Собачьи истории. Свобода и несвобода

Александръ Дунаенко
Наш небольшой пёсик-лайка Марсик всегда сидел на цепи, почти с детства, и не видел в этом ничего предосудительного. Он собака, значит так положено. Когда нужно – гавкал. Особенно старался себя показать, когда на него смотрел кто-то из хозяев. В такие минуты не было зверя, страшнее Марсика. Он рвался с цепи, лаял взахлёб и был готов разорвать в клочья воображаемого врага.

Но в основном служба у пёсика протекала спокойно. Кушал, спал. Вилял хвостом. Потому что по натуре был добрым.

Но вот однажды произошло событие, которое Марсика глубоко взволновало.

Здоровенный кобелина с чужой улицы сорвался с цепи и бегал по всем соседским дворам. Чем, конечно, возмущал всю собачью общественность. Все, значит, сидят привязанные у своих будок, а этот – на свободе, гуляет!

И кто только за это на него не лаял!

А кобелина и внимания не обращал. Или – делал вид.

Пробегал он и мимо нашего Марсика. Трусит рысцой, сзади длинная цепь волочится. Кобель остановится, землю вокруг обнюхает, задерёт лапу на подходящий кустик – и дальше.

И – ладно бы молча. Но Марсика почему-то решил ещё и поунижать.
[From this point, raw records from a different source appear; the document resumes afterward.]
(* Let $G=(L,R,E)$ be a bipartite graph, $f:2^E\to\mathbb{R}_{\ge0}$ non-negative, monotonically non-decreasing and submodular, $p\in(0,1)$, and run $\mathrm{SIMULATE2}$ (see context) to obtain $M,N,S$ and $w$. For any $t>0$, with $\alpha=\frac{p}{1-p}$ and $\theta=\frac{t+\alpha}{\alpha}$, $$\mathbb{E}[f(S)]\ge\Big(\frac1\theta-\frac{1}{t\,p^2}\Big)\mathbb{E}[w(S)].$$
   Context: $f_M(e)=f(M\cup\{e\})-f(M)$. $\mathrm{SIMULATE2}$: start with $M=N=\emptyset$ and a working copy of $E$. While there is an edge $e^*=(\ell^*,r^* )$ in the working edge set such that $M\cup\{e^*\}$ is a matching, take such an edge maximizing $f_M(e^* )$ (fixed tie-breaking); let $M_{e^*}$ be the current $M$; flip an independent coin with head probability $p$; on heads add $e^*$ to $M$, otherwise to $N$; then remove all edges incident to $\ell^*$ from the working edge set. Finally let $S$ be the set of edges $(\ell,r)\in N$ that are the only edge of $N$ incident to $r$. Define $w(e)=f_{M_e}(e)$ for every edge $e$ selected during the loop and $w(e)=0$ for all other edges; $w(T)=\sum_{e\in T}w(e)$. *)

theory Defs
  imports "HOL-Probability.Probability"
begin

type_synonym ('l, 'r) edge = "'l \<times> 'r"

definition is_matching :: "('l \<times> 'r) set \<Rightarrow> bool" where
  "is_matching M \<longleftrightarrow> (\<forall>e1\<in>M. \<forall>e2\<in>M. e1 \<noteq> e2 \<longrightarrow> fst e1 \<noteq> fst e2 \<and> snd e1 \<noteq> snd e2)"

definition marg :: "(('l \<times> 'r) set \<Rightarrow> real) \<Rightarrow> ('l \<times> 'r) set \<Rightarrow> 'l \<times> 'r \<Rightarrow> real" where
  "marg f M e = f (insert e M) - f M"

definition cands :: "('l \<times> 'r) set \<Rightarrow> ('l \<times> 'r) set \<Rightarrow> ('l \<times> 'r) set" where
  "cands M W = {e \<in> W. is_matching (insert e M)}"

definition select :: "(('l \<times> 'r) set \<Rightarrow> real) \<Rightarrow> ('l \<times> 'r \<Rightarrow> nat) \<Rightarrow> ('l \<times> 'r) set \<Rightarrow> ('l \<times> 'r) set \<Rightarrow> 'l \<times> 'r" where
  "select f tb M C =
     (let best = Max (marg f M ` C);
          T = {e \<in> C. marg f M e = best}
      in THE e. e \<in> T \<and> tb e = Min (tb ` T))"

text \<open>State: (M, N, working edge set, weight function w).
  The i-th loop iteration uses coin c i (True = heads).  The fuel bounds the
  number of iterations; with fuel = card E the loop always terminates.\<close>
fun sim2_loop :: "(('l \<times> 'r) set \<Rightarrow> real) \<Rightarrow> ('l \<times> 'r \<Rightarrow> nat) \<Rightarrow> (nat \<Rightarrow> bool) \<Rightarrow> nat \<Rightarrow> nat
   \<Rightarrow> ('l \<times> 'r) set \<times> ('l \<times> 'r) set \<times> ('l \<times> 'r) set \<times> ('l \<times> 'r \<Rightarrow> real)
   \<Rightarrow> ('l \<times> 'r) set \<times> ('l \<times> 'r) set \<times> ('l \<times> 'r) set \<times> ('l \<times> 'r \<Rightarrow> real)" where
  "sim2_loop f tb c i 0 st = st"
| "sim2_loop f tb c i (Suc n) (M, N, W, w) =
     (if cands M W = {} then (M, N, W, w)
      else (let e = select f tb M (cands M W);
                w' = w(e := marg f M e);
                W' = W - {e' \<in> W. fst e' = fst e}
            in if c i then sim2_loop f tb c (Suc i) n (insert e M, N, W', w')
               else sim2_loop f tb c (Suc i) n (M, insert e N, W', w')))"

definition simulate2 :: "('l \<times> 'r) set \<Rightarrow> (('l \<times> 'r) set \<Rightarrow> real) \<Rightarrow> ('l \<times> 'r \<Rightarrow> nat) \<Rightarrow> (nat \<Rightarrow> bool)
   \<Rightarrow> ('l \<times> 'r) set \<times> ('l \<times> 'r) set \<times> ('l \<times> 'r \<Rightarrow> real)" where
  "simulate2 E f tb c =
     (case sim2_loop f tb c 0 (card E) ({}, {}, E, (\<lambda>_. 0)) of (M, N, W, w) \<Rightarrow> (M, N, w))"

definition S_of :: "('l \<times> 'r) set \<Rightarrow> ('l \<times> 'r) set" where
  "S_of N = {e \<in> N. \<forall>e'\<in>N. snd e' = snd e \<longrightarrow> e' = e}"

definition coins :: "nat \<Rightarrow> real \<Rightarrow> (nat \<Rightarrow> bool) pmf" where
  "coins n p = Pi_pmf {..<n} False (\<lambda>_. bernoulli_pmf p)"

end

theory Submission
  imports Defs
begin

text \<open>The loop is analysed with the potential
  \<open>\<Phi>\<^sub>\<delta> = (1 - p)/p \<cdot> w(S) - \<delta> - (1 - p) \<cdot> (f(M \<union> S) - f(M)) - (1 - p)\<^sup>2/p \<cdot> w(F)\<close>,
  where \<open>S = S_of N\<close>, \<open>F\<close> consists of the edges of \<open>S\<close> whose right endpoint \<open>M\<close> leaves uncovered,
  and the slack \<open>\<delta>\<close> is maintained so that \<open>w(U) \<le> f(U) + \<delta>\<close> for every \<open>U \<subseteq> S\<close>.
  By diminishing returns, one iteration never decreases the coin-averaged potential
  (when the tails branch adds the selected edge \<open>e\<close> to \<open>S\<close>, the slack grows by
  \<open>f\<^bsub>M\<^esub>(e) - f\<^bsub>M \<union> S\<^esub>(e)\<close>), and at termination \<open>\<Phi>\<^sub>\<delta> \<le> f(S) - (2 - 1/p) \<cdot> w(S)\<close>.
  As \<open>\<Phi>\<^sub>0 = 0\<close> initially, \<open>E f(S) \<ge> (2 - 1/p) \<cdot> E w(S)\<close>; together with \<open>E f(S) \<ge> 0\<close> this
  suffices, because the coefficient \<open>1/\<theta> - 1/(t p\<^sup>2)\<close> never exceeds \<open>max (2 - 1/p) 0\<close>.\<close>

lemma S_of_subset: "S_of N \<subseteq> N"
  unfolding S_of_def by blast

lemma S_of_insert_new_right:
  assumes "\<forall>e'\<in>N. snd e' \<noteq> snd e"
  shows "S_of (insert e N) = insert e (S_of N)"
proof (rule set_eqI)
  fix x
  show "x \<in> S_of (insert e N) \<longleftrightarrow> x \<in> insert e (S_of N)"
    using assms unfolding S_of_def by (cases "x = e") (simp_all, metis+)
qed

lemma S_of_insert_old_right:
  assumes "e \<notin> N" "e' \<in> N" "snd e' = snd e"
  shows "S_of (insert e N) = {x \<in> S_of N. snd x \<noteq> snd e}"
proof (rule set_eqI)
  fix x
  show "x \<in> S_of (insert e N) \<longleftrightarrow> x \<in> {x \<in> S_of N. snd x \<noteq> snd e}"
    using assms unfolding S_of_def by (cases "x = e") (simp_all, metis+)
qed

lemma select_mem:
  assumes "finite C" "C \<noteq> {}" "inj_on tb C"
  shows "select f tb M C \<in> C"
proof -
  define T where "T = {e \<in> C. marg f M e = Max (marg f M ` C)}"
  have "Max (marg f M ` C) \<in> marg f M ` C"
    using assms(1,2) by (intro Max_in) auto
  then have T: "T \<noteq> {}" "finite T" "T \<subseteq> C"
    using assms(1) unfolding T_def by (auto, blast)
  then have "Min (tb ` T) \<in> tb ` T"
    by (intro Min_in) auto
  then obtain e where e: "e \<in> T" "tb e = Min (tb ` T)"
    by auto
  moreover have "x = e" if "x \<in> T" "tb x = Min (tb ` T)" for x
    using that e T(3) inj_onD[OF assms(3), of x e] by auto
  ultimately have "(THE e. e \<in> T \<and> tb e = Min (tb ` T)) \<in> T"
    by (metis (mono_tags, lifting) theI)
  then show ?thesis
    unfolding select_def Let_def T_def by auto
qed

lemma expectation_Pi_pmf_bernoulli_insert:
  fixes g :: "(nat \<Rightarrow> bool) \<Rightarrow> real"
  assumes "0 \<le> p" "p \<le> 1" "finite A" "i \<notin> A"
  shows "measure_pmf.expectation (Pi_pmf (insert i A) False (\<lambda>_. bernoulli_pmf p)) g =
     p * measure_pmf.expectation (Pi_pmf A False (\<lambda>_. bernoulli_pmf p)) (\<lambda>c. g (c(i := True)))
   + (1 - p) * measure_pmf.expectation (Pi_pmf A False (\<lambda>_. bernoulli_pmf p)) (\<lambda>c. g (c(i := False)))"
proof -
  let ?P = "Pi_pmf A False (\<lambda>_. bernoulli_pmf p)"
  have "Pi_pmf (insert i A) False (\<lambda>_. bernoulli_pmf p) =
     bernoulli_pmf p \<bind> (\<lambda>b. map_pmf (\<lambda>c. c(i := b)) ?P)"
    using assms by (subst Pi_pmf_insert') (auto simp: map_pmf_def)
  moreover have "finite (set_pmf (map_pmf (\<lambda>c. c(i := b)) ?P))" for b
    using assms(3) by (simp add: set_Pi_pmf finite_PiE_dflt)
  ultimately show ?thesis
    by (simp only:) (subst pmf_expectation_bind[of UNIV], use assms in \<open>auto simp: UNIV_bool\<close>)
qed

lemma sim2_loop_cong:
  "(\<And>j. i \<le> j \<Longrightarrow> c j = c' j) \<Longrightarrow> sim2_loop f tb c i n st = sim2_loop f tb c' i n st"
proof (induction n arbitrary: i st)
  case (Suc n)
  then show ?case
    by (cases st) (simp add: Let_def)
qed simp

lemma sim2_loop_Suc_update:
  fixes f :: "('l \<times> 'r) set \<Rightarrow> real" and tb :: "'l \<times> 'r \<Rightarrow> nat"
  assumes "cands M W \<noteq> {}"
  defines "e \<equiv> select f tb M (cands M W)"
  shows "sim2_loop f tb (c(i := b)) i (Suc n) (M, N, W, w) =
    sim2_loop f tb c (Suc i) n
      (if b then insert e M else M, if b then N else insert e N,
       W - {e' \<in> W. fst e' = fst e}, w(e := marg f M e))"
proof -
  have later_coins: "sim2_loop f tb (c(i := b')) (Suc i) n st = sim2_loop f tb c (Suc i) n st"
    for b' st
    by (rule sim2_loop_cong) auto
  show ?thesis
    using assms by (cases b) (simp_all add: Let_def later_coins)
qed

type_synonym ('l, 'r) state = "('l \<times> 'r) set \<times> ('l \<times> 'r) set \<times> ('l \<times> 'r) set \<times> ('l \<times> 'r \<Rightarrow> real)"

definition wf_state :: "('l \<times> 'r) set \<Rightarrow> ('l, 'r) state \<Rightarrow> bool" where
  "wf_state E st \<longleftrightarrow> (case st of (M, N, W, w) \<Rightarrow>
     M \<subseteq> E \<and> N \<subseteq> E \<and> W \<subseteq> E \<and> W \<inter> M = {} \<and> W \<inter> N = {} \<and> is_matching M \<and> (\<forall>e\<in>N. 0 \<le> w e))"

definition weights_dominated :: "(('l \<times> 'r) set \<Rightarrow> real) \<Rightarrow> real \<Rightarrow> ('l, 'r) state \<Rightarrow> bool" where
  "weights_dominated f \<delta> st \<longleftrightarrow> (case st of (M, N, W, w) \<Rightarrow> \<forall>U \<subseteq> S_of N. sum w U \<le> f U + \<delta>)"

definition phi :: "real \<Rightarrow> real \<Rightarrow> real \<Rightarrow> real \<Rightarrow> real \<Rightarrow> real" where
  "phi p a \<delta> s u = (1 - p) / p * a - \<delta> - (1 - p) * s - (1 - p)\<^sup>2 / p * u"

definition potential :: "(('l \<times> 'r) set \<Rightarrow> real) \<Rightarrow> real \<Rightarrow> real \<Rightarrow> ('l, 'r) state \<Rightarrow> real" where
  "potential f p \<delta> st = (case st of (M, N, W, w) \<Rightarrow>
     phi p (sum w (S_of N)) \<delta> (f (M \<union> S_of N) - f M) (sum w {x \<in> S_of N. snd x \<notin> snd ` M}))"

definition gain :: "(('l \<times> 'r) set \<Rightarrow> real) \<Rightarrow> real \<Rightarrow> ('l, 'r) state \<Rightarrow> real" where
  "gain f p st = (case st of (M, N, W, w) \<Rightarrow> f (S_of N) - (2 - 1 / p) * sum w (S_of N))"

lemma phi_eq_average_new_right:
  assumes "0 < p"
  shows "phi p a \<delta> s u = p * phi p a \<delta> (s + y - x) u + (1 - p) * phi p (a + x) (\<delta> + x - y) (s + y) (u + x)"
  using assms by (simp add: phi_def field_simps power2_eq_square)

lemma phi_le_average_old_right:
  assumes "0 < p" "p < 1" "y \<le> x" "s' \<le> s"
  shows "phi p a \<delta> s u \<le> p * phi p a \<delta> (s + y - x) (u - b) + (1 - p) * phi p (a - b) \<delta> s' (u - b)"
proof -
  have "p * phi p a \<delta> (s + y - x) (u - b) + (1 - p) * phi p (a - b) \<delta> s' (u - b) - phi p a \<delta> s u
      = p * (1 - p) * (x - y) + (1 - p)\<^sup>2 * (s - s')"
    using assms(1) by (simp add: phi_def field_simps power2_eq_square)
  moreover have "0 \<le> p * (1 - p) * (x - y) + (1 - p)\<^sup>2 * (s - s')"
    using assms by simp
  ultimately show ?thesis
    by linarith
qed

locale submodular_on =
  fixes E :: "('l \<times> 'r) set" and f :: "('l \<times> 'r) set \<Rightarrow> real"
  assumes mono: "\<And>A B. A \<subseteq> B \<Longrightarrow> B \<subseteq> E \<Longrightarrow> f A \<le> f B"
    and submod: "\<And>A B. A \<subseteq> E \<Longrightarrow> B \<subseteq> E \<Longrightarrow> f (A \<union> B) + f (A \<inter> B) \<le> f A + f B"
begin

lemma marg_antimono:
  assumes "A \<subseteq> B" "B \<subseteq> E" "e \<in> E"
  shows "marg f B e \<le> marg f A e"
proof (cases "e \<in> B")
  case True
  then show ?thesis
    using assms mono[of A "insert e A"] by (simp add: marg_def insert_absorb subset_insertI)
next
  case False
  have "f (insert e A \<union> B) + f (insert e A \<inter> B) \<le> f (insert e A) + f B"
    using assms by (intro submod) auto
  moreover have "insert e A \<union> B = insert e B" "insert e A \<inter> B = A"
    using assms False by auto
  ultimately show ?thesis
    by (simp add: marg_def)
qed

lemma marg_nonneg: "A \<subseteq> E \<Longrightarrow> e \<in> E \<Longrightarrow> 0 \<le> marg f A e"
  using mono[of A "insert e A"] by (simp add: marg_def subset_insertI)

end

locale simulate2_setting = submodular_on E f for E f +
  fixes tb :: "'l \<times> 'r \<Rightarrow> nat" and p :: real
  assumes finite_E: "finite E"
    and nonneg: "\<And>A. A \<subseteq> E \<Longrightarrow> 0 \<le> f A"
    and inj_tb: "inj_on tb E"
    and p_pos: "0 < p" and p_less_1: "p < 1"
begin

context
  fixes M N W w e W' w'
  assumes wf: "wf_state E (M, N, W, w)" and cand: "e \<in> cands M W"
    and W'_def: "W' = W - {e' \<in> W. fst e' = fst e}" and w'_def: "w' = w(e := marg f M e)"
begin

lemma cand_edge: "e \<in> E" "e \<notin> M" "e \<notin> N" "snd e \<notin> snd ` M"
proof -
  have "e \<in> W" "is_matching (insert e M)"
    using cand by (auto simp: cands_def)
  then show "e \<in> E" "e \<notin> M" "e \<notin> N"
    using wf by (auto simp: wf_state_def)
  then show "snd e \<notin> snd ` M"
    using \<open>is_matching (insert e M)\<close> unfolding is_matching_def by force
qed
Не просто мимо пробежал, а стал свободой своей на глазах у привязанного Марсика бахвалиться. То в одну сторону пробежит. То – уже спокойным, прогулочным шагом – обратно.

И все его наглые тексты были прямо на морде написаны. Мол, свобода лучше, чем несвобода. Им, мол, гагарам, недоступно наслажденье битвой жизни. Что так вот можно и всю жизнь просидеть на цепи, ожидая миски с кашей и не узнать, что есть жизнь совсем другая. Вокруг жирные годы, сейчас на помойки столько всякой еды выбрасывают!

А сучки – на выбор, бери – не хочу!

А – всего и делов-то – взять один раз, и оторваться. Презреть, так сказать, все эти законы и запреты, придуманные людьми!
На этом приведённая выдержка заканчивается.